Work instructions
Among the records, which lines hold the word "auto"? Pick them out.

▼

(* Let $(q_n),(r_n)$ be complex sequences vanishing faster than any negative power of $|n|$ as $n\to\pm\infty$ with $1-q_nr_n\neq0$ and $1+q_nr_{n+1}\ne0$ for all $n$. Let $D_n,E_n,D_\infty,E_\infty$ and the sequences $u_n,v_n,p_n,s_n$ be as in the context. Let $\psi_n^{(q,r)},\phi_n^{(q,r)},\bar\psi_n^{(q,r)},\bar\phi_n^{(q,r)}$ be the Jost solutions of system (Q), and similarly with superscripts $(u,v)$ for system (U) with potentials $(u,v)$ and $(p,s)$ for system (U) with potentials $(p,s)$. Put $$\Gamma_n=\begin{bmatrix}(1-z^{-2})\frac1{E_{n-1}}&0\\ \frac{r_n}{E_{n-1}}&\frac1{D_{n-1}}\end{bmatrix},\qquad \Lambda_n=\begin{bmatrix}\frac1{E_{n-1}}&-\frac{q_n}{D_n}\\ \frac{r_n}{E_{n-1}}&\frac1{D_{n-1}}\end{bmatrix}.$$ Then $$\psi_n^{(q,r)}=D_\infty\Gamma_n\psi_n^{(u,v)}=D_\infty\Lambda_n\psi_n^{(p,s)},\qquad \phi_n^{(q,r)}=\frac{1}{1-z^{-2}}\Gamma_n\phi_n^{(u,v)}=\Lambda_n\phi_n^{(p,s)},$$ $$\bar\psi_n^{(q,r)}=\frac{E_\infty}{1-z^{-2}}\Gamma_n\bar\psi_n^{(u,v)}=E_\infty\Lambda_n\bar\psi_n^{(p,s)},\qquad \bar\phi_n^{(q,r)}=\Gamma_n\bar\phi_n^{(u,v)}=\Lambda_n\bar\phi_n^{(p,s)}.$$
   Context: System (Q): $\begin{bmatrix}\alpha_n\\ \beta_n\end{bmatrix}=\begin{bmatrix} z & (z-z^{-1})q_n\\ z r_n & z^{-1}+(z-z^{-1})q_nr_n\end{bmatrix}\begin{bmatrix}\alpha_{n+1}\\ \beta_{n+1}\end{bmatrix}$, $n\in\mathbb Z$. System (U) with potentials $(a,b)$: $\begin{bmatrix}\xi_n\\ \eta_n\end{bmatrix}=\begin{bmatrix} z & z a_n\\ z^{-1}b_n & z^{-1}\end{bmatrix}\begin{bmatrix}\xi_{n+1}\\ \eta_{n+1}\end{bmatrix}$. Notation: $D_n=\prod_{j=-\infty}^n(1-q_jr_j)$, $E_n=\prod_{j=-\infty}^n(1+q_jr_{j+1})$, $D_\infty=\prod_{j\in\mathbb Z}(1-q_jr_j)$, $E_\infty=\prod_{j\in\mathbb Z}(1+q_jr_{j+1})$; $u_n=q_nE_{n-1}/D_n$, $v_n=(-r_n+r_{n+1}-q_nr_nr_{n+1})D_{n-1}/E_n$, $p_n=(q_n-q_{n+1}-q_nq_{n+1}r_{n+1})E_{n-1}/D_{n+1}$, $s_n=r_{n+1}D_n/E_n$. For each of the three systems and $|z|=1$, the Jost solutions (overbars are not complex conjugation) are the unique solutions with $\psi_n=\begin{bmatrix}o(1)\\ z^n[1+o(1)]\end{bmatrix}$ as $n\to+\infty$; $\phi_n=\begin{bmatrix}z^{-n}[1+o(1)]\\ o(1)\end{bmatrix}$ as $n\to-\infty$; $\bar\psi_n=\begin{bmatrix}z^{-n}[1+o(1)]\\ o(1)\end{bmatrix}$ as $n\to+\infty$; $\bar\phi_n=\begin{bmatrix}o(1)\\ z^{n}[1+o(1)]\end{bmatrix}$ as $n\to-\infty$. *)

theory Defs
  imports Complex_Main
begin

definition rapid_decay :: "(int \<Rightarrow> complex) \<Rightarrow> bool" where
  "rapid_decay q \<longleftrightarrow> (\<forall>k::nat.
     ((\<lambda>n. real_of_int \<bar>n\<bar> ^ k * cmod (q n)) \<longlongrightarrow> 0) at_top \<and>
     ((\<lambda>n. real_of_int \<bar>n\<bar> ^ k * cmod (q n)) \<longlongrightarrow> 0) at_bot)"

definition Dn :: "(int \<Rightarrow> complex) \<Rightarrow> (int \<Rightarrow> complex) \<Rightarrow> int \<Rightarrow> complex" where
  "Dn q r n = Lim at_bot (\<lambda>m. \<Prod>j\<in>{m..n}. (1 - q j * r j))"

definition En :: "(int \<Rightarrow> complex) \<Rightarrow> (int \<Rightarrow> complex) \<Rightarrow> int \<Rightarrow> complex" where
  "En q r n = Lim at_bot (\<lambda>m. \<Prod>j\<in>{m..n}. (1 + q j * r (j + 1)))"

definition Dinf :: "(int \<Rightarrow> complex) \<Rightarrow> (int \<Rightarrow> complex) \<Rightarrow> complex" where
  "Dinf q r = Lim at_top (\<lambda>n. Dn q r n)"

definition Einf :: "(int \<Rightarrow> complex) \<Rightarrow> (int \<Rightarrow> complex) \<Rightarrow> complex" where
  "Einf q r = Lim at_top (\<lambda>n. En q r n)"

definition useq :: "(int \<Rightarrow> complex) \<Rightarrow> (int \<Rightarrow> complex) \<Rightarrow> int \<Rightarrow> complex" where
  "useq q r n = q n * En q r (n - 1) / Dn q r n"

definition vseq :: "(int \<Rightarrow> complex) \<Rightarrow> (int \<Rightarrow> complex) \<Rightarrow> int \<Rightarrow> complex" where
  "vseq q r n = (- r n + r (n + 1) - q n * r n * r (n + 1)) * Dn q r (n - 1) / En q r n"
(* Let $\mathcal V$ be a finite set of variables, $\mathcal P$ a finite set of labels, and $\mathcal C$ a finite set of nonempty subsets (hyperedges) of $\mathcal V$. For each $C\in\mathcal C$ let $\mathcal D_C\subseteq\mathcal P^C$ be a set of labelings of $C$ and let $\hat\theta_{C,\vec d}\le 0$ for $\vec d\in\mathcal D_C$, defining the sparse pattern-based potential $\theta_C(\vec x_C)=\hat\theta_{C,\vec d}$ if $\vec x_C=\vec d\in\mathcal D_C$ and $\theta_C(\vec x_C)=0$ otherwise. For binary variables $y_{ip}\in\{0,1\}$ ($i\in\mathcal V,p\in\mathcal P$) and $z_{C,\vec d}\in\{0,1\}$ ($C\in\mathcal C,\vec d\in\mathcal D_C$) let $$E^*_I(\vec y,\vec z)=-\sum_{C\in\mathcal C}\sum_{\vec d\in\mathcal D_C}\hat\theta_{C,\vec d}\Big((|C|-1)z_{C,\vec d}-\sum_{\ell\in C}y_{\ell d_\ell}z_{C,\vec d}\Big),$$ and for $\vec\lambda\in\mathbb R^{\mathcal V}$ let $D(\vec\lambda)=\min_{\vec y,\vec z\text{ binary}}\Big(E^*_I(\vec y,\vec z)+\sum_{i\in\mathcal V}\lambda_i\big(\sum_{p\in\mathcal P}y_{ip}-1\big)\Big)$. Then $\max_{\vec\lambda\in\mathbb R^{\mathcal V}}D(\vec\lambda)$ equals the optimal value of the linear program $$\min_{\vec y}\ \sum_{C\in\mathcal C}\sum_{\vec d\in\mathcal D_C}\hat\theta_{C,\vec d}\,y_{C,\vec d}$$ subject to $y_{ip}\in[0,1]$ for all $i\in\mathcal V,p\in\mathcal P$; $y_{C,\vec d}\in[0,1]$ for all $C\in\mathcal C,\vec d\in\mathcal D_C$; $y_{C,\vec d}\le y_{\ell d_\ell}$ for all $C\in\mathcal C$, $\vec d\in\mathcal D_C$, $\ell\in C$; and $\sum_{p\in\mathcal P}y_{ip}=1$ for all $i\in\mathcal V$.
   Context: A labeling $\vec d\in\mathcal P^C$ of a hyperedge $C$ is a map $C\to\mathcal P$, and $d_\ell$ denotes its value at $\ell\in C$. The energy to be minimized is $E(\vec x)=\sum_{C\in\mathcal C}\theta_C(\vec x_C)$ over $\vec x\in\mathcal P^{\mathcal V}$; $y_{ip}$ are indicator variables of $x_i=p$, $E^*_I$ is a pairwise reformulation of the energy with auxiliary binary variables $z_{C,\vec d}$, and $D$ is the Lagrangian dual obtained by relaxing the consistency constraints $\sum_p y_{ip}=1$. *)

theory Defs
  imports "HOL-Library.FuncSet" Complex_Main
begin

(* Labelings of a hyperedge C are extensional maps C -> P (elements of PiE C P).
   Variables: y i p and z C d, real-valued. *)

definition E_star ::
  "'v set set \<Rightarrow> ('v set \<Rightarrow> ('v \<Rightarrow> 'p) set) \<Rightarrow> ('v set \<Rightarrow> ('v \<Rightarrow> 'p) \<Rightarrow> real)
   \<Rightarrow> ('v \<Rightarrow> 'p \<Rightarrow> real) \<Rightarrow> ('v set \<Rightarrow> ('v \<Rightarrow> 'p) \<Rightarrow> real) \<Rightarrow> real" where
  "E_star Cs D th y z =
     - (\<Sum>C\<in>Cs. \<Sum>d\<in>D C. th C d *
          ((real (card C) - 1) * z C d - (\<Sum>l\<in>C. y l (d l) * z C d)))"

definition binary_y :: "'v set \<Rightarrow> 'p set \<Rightarrow> ('v \<Rightarrow> 'p \<Rightarrow> real) \<Rightarrow> bool" where
  "binary_y V P y \<longleftrightarrow> (\<forall>i\<in>V. \<forall>p\<in>P. y i p \<in> {0, 1})"

definition binary_z ::
  "'v set set \<Rightarrow> ('v set \<Rightarrow> ('v \<Rightarrow> 'p) set) \<Rightarrow> ('v set \<Rightarrow> ('v \<Rightarrow> 'p) \<Rightarrow> real) \<Rightarrow> bool" where
  "binary_z Cs D z \<longleftrightarrow> (\<forall>C\<in>Cs. \<forall>d\<in>D C. z C d \<in> {0, 1})"

definition lagr_dual ::
  "'v set \<Rightarrow> 'p set \<Rightarrow> 'v set set \<Rightarrow> ('v set \<Rightarrow> ('v \<Rightarrow> 'p) set)
   \<Rightarrow> ('v set \<Rightarrow> ('v \<Rightarrow> 'p) \<Rightarrow> real) \<Rightarrow> ('v \<Rightarrow> real) \<Rightarrow> real" where
  "lagr_dual V P Cs D th lam =
     Min {E_star Cs D th y z + (\<Sum>i\<in>V. lam i * ((\<Sum>p\<in>P. y i p) - 1)) | y z.
            binary_y V P y \<and> binary_z Cs D z}"

definition lp_feasible ::
  "'v set \<Rightarrow> 'p set \<Rightarrow> 'v set set \<Rightarrow> ('v set \<Rightarrow> ('v \<Rightarrow> 'p) set)
   \<Rightarrow> ('v \<Rightarrow> 'p \<Rightarrow> real) \<Rightarrow> ('v set \<Rightarrow> ('v \<Rightarrow> 'p) \<Rightarrow> real) \<Rightarrow> bool" where
  "lp_feasible V P Cs D yv yc \<longleftrightarrow>
     (\<forall>i\<in>V. \<forall>p\<in>P. 0 \<le> yv i p \<and> yv i p \<le> 1) \<and>
     (\<forall>C\<in>Cs. \<forall>d\<in>D C. 0 \<le> yc C d \<and> yc C d \<le> 1) \<and>
     (\<forall>C\<in>Cs. \<forall>d\<in>D C. \<forall>l\<in>C. yc C d \<le> yv l (d l)) \<and>
     (\<forall>i\<in>V. (\<Sum>p\<in>P. yv i p) = 1)"

definition lp_obj ::
  "'v set set \<Rightarrow> ('v set \<Rightarrow> ('v \<Rightarrow> 'p) set) \<Rightarrow> ('v set \<Rightarrow> ('v \<Rightarrow> 'p) \<Rightarrow> real)
   \<Rightarrow> ('v set \<Rightarrow> ('v \<Rightarrow> 'p) \<Rightarrow> real) \<Rightarrow> real" where
  "lp_obj Cs D th yc = (\<Sum>C\<in>Cs. \<Sum>d\<in>D C. th C d * yc C d)"

end

theory Submission
  imports Defs
begin

text \<open>
  For fixed \<open>y\<close>, the Lagrangian is minimized over binary \<open>z\<close> by
  \<open>z C d = min\<^sub>\<ell>\<^sub>\<in>\<^sub>C y \<ell> (d \<ell>)\<close>, because \<open>\<theta>\<close> is nonpositive. Hence the dual function is
  the lower envelope of the affine functions \<open>\<lambda> \<mapsto> obj y + \<lambda>\<cdot>res y\<close>, one for each binary
  \<open>y\<close>, where \<open>res y i = (\<Sum>p\<in>P. y i p) - 1\<close>. Eliminating the multipliers one coordinate
  at a time (Fourier--Motzkin) shows that the maximum of such an envelope is the least
  objective value on the section \<open>res = 0\<close> of the convex hull of the points
  \<open>(res y, obj y)\<close>. That section is the image of the LP polytope: a fractional \<open>y\<close> is a
  convex combination of binary ones by threshold rounding, which commutes with the minima
  defining \<open>z\<close>, and since \<open>\<theta>\<close> is nonpositive an optimal LP point may take the pattern
  variables equal to these minima.
\<close>

section \<open>Fourier--Motzkin elimination\<close>

lemma least_of_finite_chain:
  fixes U :: "'k \<Rightarrow> 'a set"
  assumes "finite A" "A \<noteq> {}"
    and chain: "\<And>j k. j \<in> A \<Longrightarrow> k \<in> A \<Longrightarrow> U j \<subseteq> U k \<or> U k \<subseteq> U j"
  shows "\<exists>p\<in>A. \<forall>k\<in>A. U p \<subseteq> U k"
proof -
  obtain m where "m \<in> U ` A" and minimal: "\<forall>b\<in>U ` A. b \<subseteq> m \<longrightarrow> m = b"
    using finite_has_minimal[of "U ` A"] assms(1,2) by auto
  then obtain p where p: "p \<in> A" "m = U p" by blast
  have "U p \<subseteq> U k" if "k \<in> A" for k
  proof (cases "U k \<subseteq> U p")
    case True
    then show ?thesis using minimal p(2) that by auto
  next
    case False
    then show ?thesis using chain[OF p(1) that] by blast
  qed
  with p show ?thesis by blast
qed

lemma ex_common_point_up_down_sets:
  fixes U :: "'k \<Rightarrow> 'a::linorder set"
  assumes "finite A" "finite B"
    and up: "\<And>k s t. k \<in> A \<Longrightarrow> s \<in> U k \<Longrightarrow> s \<le> t \<Longrightarrow> t \<in> U k"
    and down: "\<And>k s t. k \<in> B \<Longrightarrow> s \<in> U k \<Longrightarrow> t \<le> s \<Longrightarrow> t \<in> U k"
    and nonempty: "\<And>k. k \<in> A \<union> B \<Longrightarrow> U k \<noteq> {}"
    and meet: "\<And>p q. p \<in> A \<Longrightarrow> q \<in> B \<Longrightarrow> U p \<inter> U q \<noteq> {}"
  shows "\<exists>t. \<forall>k\<in>A \<union> B. t \<in> U k"
proof -
  have least_A: "\<exists>p\<in>A. \<forall>k\<in>A. U p \<subseteq> U k" if "A \<noteq> {}"
  proof (rule least_of_finite_chain[OF assms(1) that])
    fix j k assume "j \<in> A" "k \<in> A"
    then show "U j \<subseteq> U k \<or> U k \<subseteq> U j"
      using up[of j] up[of k] by (meson linear subsetI)
  qed
  have least_B: "\<exists>q\<in>B. \<forall>k\<in>B. U q \<subseteq> U k" if "B \<noteq> {}"
  proof (rule least_of_finite_chain[OF assms(2) that])
    fix j k assume "j \<in> B" "k \<in> B"
    then show "U j \<subseteq> U k \<or> U k \<subseteq> U j"
      using down[of j] down[of k] by (meson linear subsetI)
  qed
  show ?thesis
  proof (cases "A = {}"; cases "B = {}")
    assume "A \<noteq> {}" "B \<noteq> {}"
    then obtain p q where p: "p \<in> A" "\<forall>k\<in>A. U p \<subseteq> U k" and q: "q \<in> B" "\<forall>k\<in>B. U q \<subseteq> U k"
      using least_A least_B by blast
    obtain t where "t \<in> U p" "t \<in> U q" using meet[OF p(1) q(1)] by blast
    then show ?thesis using p(2) q(2) by blast
  next
    assume "A \<noteq> {}" "B = {}"
    then obtain p where p: "p \<in> A" "\<forall>k\<in>A. U p \<subseteq> U k" using least_A by blast
    obtain t where "t \<in> U p" using nonempty[of p] p(1) by blast
    then show ?thesis using p(2) \<open>B = {}\<close> by blast
  next
    assume "A = {}" "B \<noteq> {}"
    then obtain q where q: "q \<in> B" "\<forall>k\<in>B. U q \<subseteq> U k" using least_B by blast
    obtain t where "t \<in> U q" using nonempty[of q] q(1) by blast
    then show ?thesis using q(2) \<open>A = {}\<close> by blast
  qed simp
qed
text \<open>The correction term is \<open>(z - w) (1 - |\<alpha>|\<^sup>2)\<close> times the contribution of the coordinate \<open>\<alpha>\<close>
  to the bracket, computed from \<open>\<partial>A/\<partial>\<alpha> = -x E\<^sub>1\<^sub>0\<close> and \<open>\<partial>A/\<partial>cnj \<alpha> = -E\<^sub>0\<^sub>1\<close>.\<close>

lemma r_commutator_szego_step:
  assumes "p < 2" "q < 2" "s < 2" "t < 2"
  shows "r_commutator z w (\<lambda>p q. \<Sum>p'<2. szego_step al z p p' * X p' q)
                          (\<lambda>s t. \<Sum>s'<2. szego_step al w s s' * Y s' t) p q s t =
     (\<Sum>p'<2. \<Sum>s'<2. szego_step al z p p' * szego_step al w s s' * r_commutator z w X Y p' q s' t)
     + (z - w) * (1 - al * cnj al) *
       ((if p = 0 then - X 1 q else 0) * (if s = 0 then 0 else - w * Y 0 t)
        - (if p = 0 then 0 else - z * X 0 q) * (if s = 0 then - Y 1 t else 0))"
  using assms
  by (auto simp: less_2_cases_iff r_commutator_def r_matrix_def szego_step_def sum_lessThan_2 algebra_simps)

text \<open>\<open>pbracket (Suc k)\<close> involves exactly \<open>\<alpha>\<^sub>0, \<dots>, \<alpha>\<^sub>k\<^sub>-\<^sub>1\<close>, the variables of \<open>T\<^sub>k\<close>.\<close>

lemma pbracket_transfer:
  assumes "z \<noteq> w" "p < 2" "q < 2" "s < 2" "t < 2"
  shows "pbracket (Suc k) (\<lambda>b. transfer k b z p q) (\<lambda>b. transfer k b w s t) a =
           \<i> / (z - w) * r_commutator z w (transfer k a z) (transfer k a w) p q s t"
  using assms(2-)
proof (induction k arbitrary: p q s t)
  case 0
  then show ?case
    by (auto simp: less_2_cases_iff pbracket_def r_commutator_def r_matrix_def sum_lessThan_2)
next
  case (Suc k)
  let ?S = "\<lambda>x p p'. szego_step (a k) x p p'"
  have "pbracket (Suc k) (\<lambda>b. transfer (Suc k) b z p q) (\<lambda>b. transfer (Suc k) b w s t) a =
     (\<Sum>p'<2. \<Sum>s'<2. ?S z p p' * ?S w s s' *
        pbracket (Suc k) (\<lambda>b. transfer k b z p' q) (\<lambda>b. transfer k b w s' t) a)"
    by (rule pbracket_bilinear)
       (simp_all del: transfer.simps(2) add: wirt_eqI[OF has_wirtinger_derivs_transfer_Suc_below]
         wirt_bar_eqI[OF has_wirtinger_derivs_transfer_Suc_below])
  also have "\<dots> = \<i> / (z - w) *
      (\<Sum>p'<2. \<Sum>s'<2. ?S z p p' * ?S w s s' * r_commutator z w (transfer k a z) (transfer k a w) p' q s' t)"
    using Suc by (simp add: sum_distrib_left mult_ac)
  finally show ?case
    using assms(1) Suc.prems
    unfolding pbracket_Suc_Suc
      wirt_eqI[OF has_wirtinger_derivs_transfer_Suc_last] wirt_bar_eqI[OF has_wirtinger_derivs_transfer_Suc_last]
    by (simp add: transfer_Suc_fun r_commutator_szego_step field_simps)
qed

section \<open>Brackets of \<open>P\<^sub>n\<close>, \<open>Q\<^sub>n\<close>, \<open>F\<^sub>n\<close> and \<open>f\<^sub>n\<close>\<close>

text \<open>For \<open>cb = cnj \<beta>\<close> this is the first row of \<open>T\<^sub>k\<^sub>+\<^sub>1(x)\<close> with \<open>\<alpha>\<^sub>k\<close> replaced by \<open>\<beta>\<close>.\<close>

definition closed_row :: "nat \<Rightarrow> complex \<Rightarrow> complex \<Rightarrow> nat \<Rightarrow> (nat \<Rightarrow> complex) \<Rightarrow> complex" where
  "closed_row k cb x q b = x * transfer k b x 0 q - cb * transfer k b x 1 q"

lemma closed_row_as_sum:
  "closed_row k cb x 0 b + \<sigma> * closed_row k cb x 1 b =
     (\<Sum>pq\<in>{..<2} \<times> {..<2}. (if fst pq = 0 then x else - cb) * (if snd pq = 0 then 1 else \<sigma>) *
        transfer k b x (fst pq) (snd pq))"
  by (simp add: lessThan_2_times_lessThan_2 closed_row_def algebra_simps)

lemma pbracket_closed_rows:
  assumes "z \<noteq> w"
  shows "pbracket (Suc k) (\<lambda>b. closed_row k cb z 0 b + \<sigma> * closed_row k cb z 1 b)
                          (\<lambda>b. closed_row k cb w 0 b + \<tau> * closed_row k cb w 1 b) a =
    \<i> / (z - w) * (\<sigma> - \<tau>) *
      (w * closed_row k cb z 0 a * closed_row k cb w 1 a - z * closed_row k cb z 1 a * closed_row k cb w 0 a)"
proof -
  define c where "c x \<rho> pq = (if fst pq = 0 then x else - cb) * (if snd pq = 0 then 1 else \<rho>)"
    for x \<rho> :: complex and pq :: "nat \<times> nat"
  have derivs: "has_wirtinger_derivs (\<lambda>b. closed_row k cb x 0 b + \<rho> * closed_row k cb x 1 b) j a
      (\<Sum>pq\<in>{..<2} \<times> {..<2}. c x \<rho> pq * wirt (\<lambda>b. transfer k b x (fst pq) (snd pq)) j a)
      (\<Sum>pq\<in>{..<2} \<times> {..<2}. c x \<rho> pq * wirt_bar (\<lambda>b. transfer k b x (fst pq) (snd pq)) j a)" for x \<rho> j
    unfolding closed_row_as_sum c_def
    by (intro has_wirtinger_derivs_sum has_wirtinger_derivs_cmult
          has_wirtinger_derivs_wirt wirtinger_differentiable_transfer)
  have "pbracket (Suc k) (\<lambda>b. closed_row k cb z 0 b + \<sigma> * closed_row k cb z 1 b)
                          (\<lambda>b. closed_row k cb w 0 b + \<tau> * closed_row k cb w 1 b) a =
    (\<Sum>pq\<in>{..<2} \<times> {..<2}. \<Sum>st\<in>{..<2} \<times> {..<2}. c z \<sigma> pq * c w \<tau> st *
       (\<i> / (z - w) * r_commutator z w (transfer k a z) (transfer k a w) (fst pq) (snd pq) (fst st) (snd st)))"
    by (subst pbracket_bilinear[OF derivs[THEN wirt_eqI] derivs[THEN wirt_bar_eqI]
          derivs[THEN wirt_eqI] derivs[THEN wirt_bar_eqI]])
       (auto intro!: sum.cong simp: pbracket_transfer[OF assms])
  also have "\<dots> = \<i> / (z - w) * (\<sigma> - \<tau>) *
      (w * closed_row k cb z 0 a * closed_row k cb w 1 a - z * closed_row k cb z 1 a * closed_row k cb w 0 a)"
    unfolding lessThan_2_times_lessThan_2
    by (simp add: c_def closed_row_def r_commutator_def r_matrix_def sum_lessThan_2) algebra
  finally show ?thesis .
qed

lemma Pn_closed_row:
  "Pn \<beta> n b x = closed_row (n - 1) (cnj \<beta>) x 0 b + closed_row (n - 1) (cnj \<beta>) x 1 b"
  by (simp add: Pn_def closed_row_def poly_Phi_transfer) (simp add: algebra_simps)

lemma Qn_closed_row:
  "Qn \<beta> n b x = closed_row (n - 1) (cnj \<beta>) x 0 b - closed_row (n - 1) (cnj \<beta>) x 1 b"
  by (simp add: Qn_def closed_row_def poly_Psi_transfer) (simp add: algebra_simps)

▲

Task solution
    using finite_has_minimal[of "U ` A"] assms(1,2) by auto
    then show ?thesis using minimal p(2) that by auto
  by (auto simp: less_2_cases_iff r_commutator_def r_matrix_def szego_step_def sum_lessThan_2 algebra_simps)
    by (auto simp: less_2_cases_iff pbracket_def r_commutator_def r_matrix_def sum_lessThan_2)
       (auto intro!: sum.cong simp: pbracket_transfer[OF assms])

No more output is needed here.